# Advice on the Hawkes Bay please



## camper8 (Feb 1, 2009)

Hi folks I am hoping someone can offer some advice please.

I have previously lived in Wellington for 5 years and am returning soon to NZ, although it is likely we will base ourselves in the Hawkes Bay as it is closer to my husband's family (and I think the climate is better!).

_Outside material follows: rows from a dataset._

text \<open>Since the alternating sum over all subsets of \<open>D \<noteq> {}\<close> vanishes, \<open>euler_fin D\<close> is minus
  the alternating sum over the subsets \<open>X\<close> with \<open>W_X\<close> infinite, \<open>D\<close> itself included.\<close>
lemma euler_fin_infinite:
  assumes inf: "infinite (coxW m D)"
  shows "euler_fin D = (-1) ^ (card D + 1) - (\<Sum>X\<in>{X. X \<subset> D \<and> infinite (special m D X)}. (-1) ^ card X)"
proof -
  let ?c = "\<lambda>Y. (-1::real) ^ card Y"
  let ?I = "{X. X \<subset> D \<and> infinite (special m D X)}" and ?F = "{Y \<in> Pow D. finite (special m D Y)}"
  have Dne: "D \<noteq> {}" using inf special_empty by auto
  have fI: "finite ?I" and fF: "finite ?F" using finD by (auto intro: finite_subset[of _ "Pow D"])
  have e1: "Pow D = ?F \<union> insert D ?I" and dj: "?F \<inter> insert D ?I = {}" using inf by auto
  have "(\<Sum>Y\<in>?F \<union> insert D ?I. ?c Y) = (\<Sum>Y\<in>?F. ?c Y) + (\<Sum>Y\<in>insert D ?I. ?c Y)"
    by (rule sum.union_disjoint[OF fF _ dj]) (use fI in simp)
  also have "(\<Sum>Y\<in>insert D ?I. ?c Y) = ?c D + (\<Sum>Y\<in>?I. ?c Y)" by (rule sum.insert[OF fI]) simp
  finally have "(\<Sum>Y\<in>Pow D. ?c Y) = (\<Sum>Y\<in>?F. ?c Y) + (?c D + (\<Sum>Y\<in>?I. ?c Y))"
    using arg_cong[OF e1, of "sum ?c"] by simp
  then show ?thesis using sum_pow_alt0[OF finD Dne] unfolding euler_fin_def by simp
qed

text \<open>In a 1-terminal group every infinite proper special subgroup \<open>W_X\<close> has \<open>|X| = |D| - 1\<close>:
  otherwise \<open>X\<close> could be enlarged by one generator to a proper \<open>X'\<close> with \<open>W_X \<subset> W_X'\<close> infinite.\<close>
lemma one_terminal_card:
  assumes ot: "one_terminal m D" and XD: "X \<subset> D" and infX: "infinite (special m D X)"
  shows "card X = card D - 1"
proof (rule ccontr)
  assume ne: "card X \<noteq> card D - 1"
  obtain d where d: "d \<in> D" "d \<notin> X" using XD by blast
  have "card (insert d X) = Suc (card X)" using d(2) XD finD finite_subset by fastforce
  moreover have "card X < card D" using psubset_card_mono[OF finD XD] .
  ultimately have "card (insert d X) < card D" using ne by simp
  then have X'D: "insert d X \<subset> D" using d(1) XD by auto
  have "infinite (special m D (insert d X))" using special_mono[of X "insert d X"] infX finite_subset by blast
  moreover have "X \<subset> insert d X" using d(2) by blast
  ultimately show False using ot X'D infX unfolding one_terminal_def by blast
qed

lemma one_terminal_alternating_sum:
  assumes ot: "one_terminal m D"
  shows "(\<Sum>X\<in>{X. X \<subset> D \<and> infinite (special m D X)}. (-1::real) ^ card X)
      = - real (card {X. X \<subset> D \<and> infinite (special m D X)}) * (-1) ^ card D"
proof -
  let ?I = "{X. X \<subset> D \<and> infinite (special m D X)}"
  have "D \<noteq> {}" using ot special_empty unfolding one_terminal_def by auto
  then obtain k where k: "card D = Suc k" using finD by (cases "card D") auto
  have "(\<Sum>X\<in>?I. (-1::real) ^ card X) = (\<Sum>X\<in>?I. (-1) ^ k)"
    using one_terminal_card[OF ot] k by (intro sum.cong) auto
  then show ?thesis using k by simp
qed

end

theorem mainTheorem9:
  fixes m :: "'a \<Rightarrow> 'a \<Rightarrow> nat" and D :: "'a set"
    and ns :: "nat list" and Sp :: "real poly"
  assumes cox: "coxeter_matrix m D"
    and inf: "infinite (coxW m D)"
    and ns2: "\<forall>n\<in>set ns. n \<ge> 2"
    and quot: "fps_of_poly Sp * poincare m D = fps_of_poly (prod_list (map qint ns))"
  defines "N \<equiv> (\<Sum>n\<leftarrow>ns. n - 1)"
  shows "degree Sp \<le> N
    \<and> coeff Sp N = (-1) ^ (card D + 1)
          - (\<Sum>X\<in>{X. X \<subset> D \<and> infinite (special m D X)}. (-1) ^ card X)
    \<and> ((\<forall>X. X \<subset> D \<longrightarrow> finite (special m D X)) \<longrightarrow> coeff Sp N = (-1) ^ (card D + 1))
    \<and> (one_terminal m D \<longrightarrow>
         coeff Sp N = (-1) ^ card D * (real (card {X. X \<subset> D \<and> infinite (special m D X)}) - 1))"
proof -
  interpret coxeter m D using cox by unfold_locales
  let ?I = "{X. X \<subset> D \<and> infinite (special m D X)}"
  have R: "degree (prod_list (map qint ns)) = N" "lead_coeff (prod_list (map qint ns)) = 1"
    using prod_qint[of ns] ns2 unfolding N_def by fastforce+
  have top: "degree Sp \<le> N \<and> coeff Sp N = euler_fin D"
    using top_coeff_from_infval[OF quot[unfolded poincare_poinc] poinc_0 infval_poinc R] by simp
  then have formula1: "coeff Sp N = (-1) ^ (card D + 1) - (\<Sum>X\<in>?I. (-1) ^ card X)"
    using euler_fin_infinite[OF inf] by simp
  have formula2: "coeff Sp N = (-1) ^ (card D + 1)" if "\<forall>X. X \<subset> D \<longrightarrow> finite (special m D X)"
  proof -
    have "?I = {}" using that by auto
    then have "(\<Sum>X\<in>?I. (-1::real) ^ card X) = 0" by (simp only: sum.empty)
    then show ?thesis using formula1 by simp
  qed
  have formula3: "coeff Sp N = (-1) ^ card D * (real (card ?I) - 1)" if "one_terminal m D"
    using formula1 one_terminal_alternating_sum[OF that] by (simp add: algebra_simps)
  show ?thesis using top formula1 formula2 formula3 by blast
qed

end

We have young children who will start school in the next few years and would like advice if possible on the suburbs and schools which would be more desirable. We won't have a fantastic income, but not knowing the Napier / Hastings area so well we would like if possible to chose a nicer area where the kids will enjoy school and that the academic standards are good. Can anyone please recommend anywhere? Closer to the sea the better 

Thank you for your help.


----------



## kiwigser (Mar 1, 2011)

camper8 said:


> Hi folks I am hoping someone can offer some advice please.
> 
> I have previously lived in Wellington for 5 years and am returning soon to NZ, although it is likely we will base ourselves in the Hawkes Bay as it is closer to my husband's family (and I think the climate is better!).
> 
> ...


Hello, I am replying to welcome you back, Hawkes bay is definitely a better climate than Wellington, although I must admit to enjoying my visits there. I am afraid I can offer no help regards education, but from my trips to Hawkes bay I can only offer these observations: Napier knows its market and caters for visitors all year round, with some event most weeks, but the beach is not up to much and you must go to Ocean Beach or its neighbours for good sand and surf. Hastings is much quieter and sedate. One surprise was Havelock North, although I only visited briefly it seems to be really worth a look, also do not forget Gizzy (Gisborne), a bit isolated but its a nice town (city) with attitude.

good luck


----------



## johnnie (Mar 3, 2010)

Hi if you are moving napier i have heard that a school near bay view is good hase a decile rating of 7 i think go on to edjecation nz that has a list of schools that you can look at my two girls are 8 10 they want to go to napier girls high wich is good at he moment they are at fraser town we have been hear 4 wks so far we will be bying a house in napier.


----------